We consider off-policy temporal-difference (TD) learning in discounted Markov
decision processes, where the goal is to evaluate a policy in a model-free way
by using observations of a state process generated without executing the
policy. To curb the high variance issue in off-policy TD learning, we propose a
new scheme of setting the $\lambda$-parameters of TD, based on generalized
Bellman equations. Our scheme is to set $\lambda$ according to the eligibility
trace iterates calculated in TD, thereby easily keeping these traces in a
desired bounded range.

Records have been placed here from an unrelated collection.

lemma not_derives_Union_chain:
  assumes "subset.chain A C" "C \<noteq> {}" "\<And>\<Delta>. \<Delta> \<in> C \<Longrightarrow> \<not> derives \<Delta> b"
  shows "\<not> derives (\<Union>C) b"
proof
  assume "derives (\<Union>C) b"
  then obtain F where F: "finite F" "F \<subseteq> \<Union>C" "derives F b"
    using derives_compact by blast
  then obtain \<Delta> where "\<Delta> \<in> C" "F \<subseteq> \<Delta>"
    using finite_subset_Union_chain[OF F(1,2) assms(2,1)] by blast
  with F(3) assms(3) show False
    using derives_mono by blast
qed

text \<open>Lindenbaum's lemma: a maximal theory not deriving \<open>b\<close> is prime, because every
  formula outside it implies \<open>b\<close>.\<close>

lemma prime_extension:
  assumes "\<not> derives \<Gamma> b"
  shows "\<exists>T. \<Gamma> \<subseteq> T \<and> prime_theory T \<and> b \<notin> T"
proof -
  define A where "A = {\<Delta>. \<Gamma> \<subseteq> \<Delta> \<and> \<not> derives \<Delta> b}"
  have "\<Union>C \<in> A" if "C \<noteq> {}" "subset.chain A C" for C
  proof -
    have "C \<subseteq> A" using that(2) by (simp add: subset_chain_def)
    then have "\<Gamma> \<subseteq> \<Union>C" "\<And>\<Delta>. \<Delta> \<in> C \<Longrightarrow> \<not> derives \<Delta> b"
      using that(1) by (auto simp: A_def)
    then show ?thesis
      using not_derives_Union_chain[OF that(2,1)] by (simp add: A_def)
  qed
  moreover have "\<Gamma> \<in> A" using assms by (simp add: A_def)
  ultimately obtain M where "M \<in> A" and maximal: "\<forall>\<Delta>\<in>A. M \<subseteq> \<Delta> \<longrightarrow> \<Delta> = M"
    using subset_Zorn_nonempty[of A] by blast
  then have M: "\<Gamma> \<subseteq> M" "\<not> derives M b" by (auto simp: A_def)
  have outside: "derives M (Imp a b)" if "a \<notin> M" for a
  proof -
    have "insert a M \<notin> A" using maximal that by blast
    with M have "derives (insert a M) b" by (auto simp: A_def)
    then show ?thesis by (rule derives_deduction)
  qed
  have closed: "a \<in> M" if "derives M a" for a
    using that outside M(2) derives.mp by blast
  have "Bot \<notin> M"
    using M(2) derives.mp[OF derives.ax[OF prov.ipc[OF ipc_axiom.ax_efq]] derives.assm] by metis
  moreover have "a \<in> M \<or> c \<in> M" if "Or a c \<in> M" for a c
  proof (rule ccontr)
    assume "\<not> (a \<in> M \<or> c \<in> M)"
    then have "derives M (Imp a b)" "derives M (Imp c b)" using outside by auto
    moreover have "derives M (Imp (Imp a b) (Imp (Imp c b) (Imp (Or a c) b)))"
      by (intro derives.ax prov.ipc ipc_axiom.intros)
    ultimately have "derives M b"
      using derives.mp derives.assm[OF that] by metis
    with M(2) show False ..
  qed
  moreover have "b \<notin> M" using M(2) derives.assm by blast
  ultimately show ?thesis
    using M(1) closed unfolding prime_theory_def by blast
qed
(* Let $E$ be a directed graph. The graph inverse semigroup $\mathcal S(E)$ admits a nontrivial strong grading (by some group) if and only if $E$ is nonempty and has no source vertices.
   Context: A directed graph $E=(E^0,E^1,\mathbf r,\mathbf s)$ has vertices $E^0$, edges $E^1$, source and range maps $\mathbf s,\mathbf r:E^1\to E^0$. A vertex $v$ is a source if $\mathbf r^{-1}(v)=\emptyset$. $\mathcal S(E)$ is the semigroup with zero generated by $E^0\cup E^1\cup\{e^{-1}:e\in E^1\}$ subject to: $vw=\delta_{v,w}v$ for $v,w\in E^0$; $\mathbf s(e)e=e\mathbf r(e)=e$; $\mathbf r(e)e^{-1}=e^{-1}\mathbf s(e)=e^{-1}$; $e^{-1}f=\delta_{e,f}\mathbf r(e)$ for $e,f\in E^1$. A $\Gamma$-grading of a semigroup $S$ with zero is a map $\deg:S\setminus\{0\}\to\Gamma$ with $\deg(st)=\deg(s)\deg(t)$ whenever $st\neq0$; $S_\alpha=\deg^{-1}(\alpha)\cup\{0\}$. It is trivial if $S_\alpha=\{0\}$ for all $\alpha\neq\varepsilon$ (the identity of $\Gamma$), and strong if $S_\alpha S_\beta=S_{\alpha\beta}$ for all $\alpha,\beta\in\Gamma$. *)

theory Defs
  imports "HOL-Algebra.Group"
begin

text \<open>A directed graph E = (V, Ed, rg, sc): vertex set V, edge set Ed,
  range map rg and source map sc.  The graph inverse semigroup S(E) is the
  semigroup with zero presented by generators and relations.  We realise it as
  words over the generator alphabet modulo the congruence generated by the
  defining relations, with an adjoined zero (represented by None).\<close>

datatype ('v, 'e) gen = GV 'v | GE 'e | GI 'e

definition gis_gens :: "'v set \<Rightarrow> 'e set \<Rightarrow> ('v, 'e) gen set" where
  "gis_gens V Ed = GV ` V \<union> GE ` Ed \<union> GI ` Ed"

definition gis_word :: "'v set \<Rightarrow> 'e set \<Rightarrow> ('v, 'e) gen list \<Rightarrow> bool" where
  "gis_word V Ed w \<longleftrightarrow> w \<noteq> [] \<and> set w \<subseteq> gis_gens V Ed"

inductive gis_rel :: "'v set \<Rightarrow> 'e set \<Rightarrow> ('e \<Rightarrow> 'v) \<Rightarrow> ('e \<Rightarrow> 'v)
    \<Rightarrow> ('v, 'e) gen list \<Rightarrow> ('v, 'e) gen list option \<Rightarrow> bool"
  for V Ed rg sc where
  vv_eq: "v \<in> V \<Longrightarrow> gis_rel V Ed rg sc [GV v, GV v] (Some [GV v])"
| vv_ne: "v \<in> V \<Longrightarrow> w \<in> V \<Longrightarrow> v \<noteq> w \<Longrightarrow> gis_rel V Ed rg sc [GV v, GV w] None"
| se: "e \<in> Ed \<Longrightarrow> gis_rel V Ed rg sc [GV (sc e), GE e] (Some [GE e])"
| er: "e \<in> Ed \<Longrightarrow> gis_rel V Ed rg sc [GE e, GV (rg e)] (Some [GE e])"
| ri: "e \<in> Ed \<Longrightarrow> gis_rel V Ed rg sc [GV (rg e), GI e] (Some [GI e])"
| isv: "e \<in> Ed \<Longrightarrow> gis_rel V Ed rg sc [GI e, GV (sc e)] (Some [GI e])"
| ie_eq: "e \<in> Ed \<Longrightarrow> gis_rel V Ed rg sc [GI e, GE e] (Some [GV (rg e)])"
| ie_ne: "e \<in> Ed \<Longrightarrow> f \<in> Ed \<Longrightarrow> e \<noteq> f \<Longrightarrow> gis_rel V Ed rg sc [GI e, GE f] None"

text \<open>The congruence on (free semigroup with zero) generated by the relations:
  equivalence closure of applying a relation inside an arbitrary context u _ w;
  zero is absorbing, so a word containing a subword equal to zero is zero.\<close>
inductive gis_eq :: "'v set \<Rightarrow> 'e set \<Rightarrow> ('e \<Rightarrow> 'v) \<Rightarrow> ('e \<Rightarrow> 'v)
    \<Rightarrow> ('v, 'e) gen list option \<Rightarrow> ('v, 'e) gen list option \<Rightarrow> bool"
  for V Ed rg sc where
  refl: "gis_eq V Ed rg sc x x"
| sym: "gis_eq V Ed rg sc x y \<Longrightarrow> gis_eq V Ed rg sc y x"
| trans: "gis_eq V Ed rg sc x y \<Longrightarrow> gis_eq V Ed rg sc y z \<Longrightarrow> gis_eq V Ed rg sc x z"
| step: "gis_rel V Ed rg sc l r \<Longrightarrow>
     gis_eq V Ed rg sc (Some (u @ l @ w)) (map_option (\<lambda>y. u @ y @ w) r)"

definition gis_zero :: "'v set \<Rightarrow> 'e set \<Rightarrow> ('e \<Rightarrow> 'v) \<Rightarrow> ('e \<Rightarrow> 'v)
    \<Rightarrow> ('v, 'e) gen list \<Rightarrow> bool" where
  "gis_zero V Ed rg sc w \<longleftrightarrow> gis_eq V Ed rg sc (Some w) None"

definition gis_nz :: "'v set \<Rightarrow> 'e set \<Rightarrow> ('e \<Rightarrow> 'v) \<Rightarrow> ('e \<Rightarrow> 'v)
    \<Rightarrow> ('v, 'e) gen list \<Rightarrow> bool" where
  "gis_nz V Ed rg sc w \<longleftrightarrow> gis_word V Ed w \<and> \<not> gis_zero V Ed rg sc w"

Compared with prior work, this scheme is more direct and
flexible, and allows much larger $\lambda$ values for off-policy TD learning
with bounded traces. As to its soundness, using Markov chain theory, we prove
the ergodicity of the joint state-trace process under nonrestrictive
conditions, and we show that associated with our scheme is a generalized
Bellman equation (for the policy to be evaluated) that depends on both the
evolution of $\lambda$ and the unique invariant probability measure of the
state-trace process. These results not only lead immediately to a
characterization of the convergence behavior of least-squares based
implementation of our scheme, but also prepare the ground for further analysis
of gradient-based implementations.

该论文研究了非政策时间差异学习在折扣马尔可夫决策过程中的应用，提出了一种新的基于广义 Bellman 方程设置 λ- 参数的方案来控制偏差，通过马尔科夫链理论证明了该方案的收敛性并分析了其在最小二乘实现中的收敛性。